(* Let $D$ be a connected link diagram with at least one crossing. There are precisely two sign assignments $s_1$ and $s_2$ for $D$, and $s_1=-s_2$.
   Context: Let $D$ be an oriented link diagram in $S^2$. Its shadow gives a CW decomposition $X$ of $S^2$: $0$-cells are the crossings, $1$-cells are the arcs of $D$ between consecutive crossings (oriented by the link orientation, so each $1$-cell $e$ runs from $e(0)$ to $e(1)$), $2$-cells are the complementary regions. For $i\in\{0,1\}$ let $h(e,i)=1$ if $e$ is the upper strand at the crossing $e(i)$ and $h(e,i)=-1$ if it is the lower strand. Define $\beta(e)=-1$ if $h(e,0)=h(e,1)$ and $\beta(e)=1$ otherwise. A sign assignment is a function $s:X^0\to\{\pm1\}$ (from crossings to $\{\pm 1\}$) such that $s(e(0))s(e(1))=\beta(e)$ for every $1$-cell $e$. *)

theory Defs
  imports Main
begin

text \<open>
  Combinatorial model of a connected oriented link diagram in the 2-sphere.
  Crossings (0-cells) form the finite set V, arcs (1-cells) the finite set E.
  Each arc e runs from endpt e 0 = e(0) to endpt e 1 = e(1).  A dart (half-edge)
  is a pair (e,i) with e in E and i in {0,1}: the end of e at the crossing e(i).
  rot is the rotation system: it cyclically permutes (counterclockwise) the four
  darts at each crossing.  Opposite darts (d and rot (rot d)) form one strand
  through the crossing, which is either the upper strand (h = 1) or the lower
  strand (h = -1); the two strands differ, and by the orientation each strand
  enters the crossing once and leaves it once.  The embedding in S^2 is
  encoded by the rotation system together with the Euler characteristic
  condition V - E + F = 2, the faces (complementary regions) being the orbits
  of the face permutation rot o flip.
\<close>

definition darts :: "'e set \<Rightarrow> ('e \<times> nat) set" where
  "darts E = E \<times> {0, 1}"

definition dart_vertex :: "('e \<Rightarrow> nat \<Rightarrow> 'v) \<Rightarrow> ('e \<times> nat) \<Rightarrow> 'v" where
  "dart_vertex endpt d = endpt (fst d) (snd d)"

definition darts_at :: "'e set \<Rightarrow> ('e \<Rightarrow> nat \<Rightarrow> 'v) \<Rightarrow> 'v \<Rightarrow> ('e \<times> nat) set" where
  "darts_at E endpt v = {d \<in> darts E. dart_vertex endpt d = v}"

definition flip :: "('e \<times> nat) \<Rightarrow> ('e \<times> nat)" where
  "flip d = (fst d, 1 - snd d)"

definition faces :: "'e set \<Rightarrow> (('e \<times> nat) \<Rightarrow> ('e \<times> nat)) \<Rightarrow> ('e \<times> nat) set set" where
  "faces E rot = (\<lambda>d. {((rot \<circ> flip) ^^ k) d | k. True}) ` darts E"

definition shadow_connected :: "'v set \<Rightarrow> 'e set \<Rightarrow> ('e \<Rightarrow> nat \<Rightarrow> 'v) \<Rightarrow> bool" where
  "shadow_connected V E endpt \<longleftrightarrow>
     (\<forall>u\<in>V. \<forall>w\<in>V. (u, w) \<in> ({(endpt e 0, endpt e 1) | e. e \<in> E}
                                  \<union> {(endpt e 1, endpt e 0) | e. e \<in> E})\<^sup>*)"

definition link_diagram ::
  "'v set \<Rightarrow> 'e set \<Rightarrow> ('e \<Rightarrow> nat \<Rightarrow> 'v) \<Rightarrow> ('e \<Rightarrow> nat \<Rightarrow> int)
     \<Rightarrow> (('e \<times> nat) \<Rightarrow> ('e \<times> nat)) \<Rightarrow> bool" where
  "link_diagram V E endpt h rot \<longleftrightarrow>
     finite V \<and> finite E \<and>
     (\<forall>e\<in>E. \<forall>i\<in>{0,1}. endpt e i \<in> V \<and> (h e i = 1 \<or> h e i = -1)) \<and>
     bij_betw rot (darts E) (darts E) \<and>
     (\<forall>v\<in>V. card (darts_at E endpt v) = 4 \<and>
        (\<forall>d\<in>darts_at E endpt v. darts_at E endpt v = {(rot ^^ k) d | k. k < 4})) \<and>
     (\<forall>d\<in>darts E. h (fst (rot (rot d))) (snd (rot (rot d))) = h (fst d) (snd d)
                 \<and> h (fst (rot d)) (snd (rot d)) = - h (fst d) (snd d)
                 \<and> snd (rot (rot d)) \<noteq> snd d)"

****

Your objective: Copy each line containing the word "finite" from the data.

Task result:
  Crossings (0-cells) form the finite set V, arcs (1-cells) the finite set E.
     finite V \<and> finite E \<and>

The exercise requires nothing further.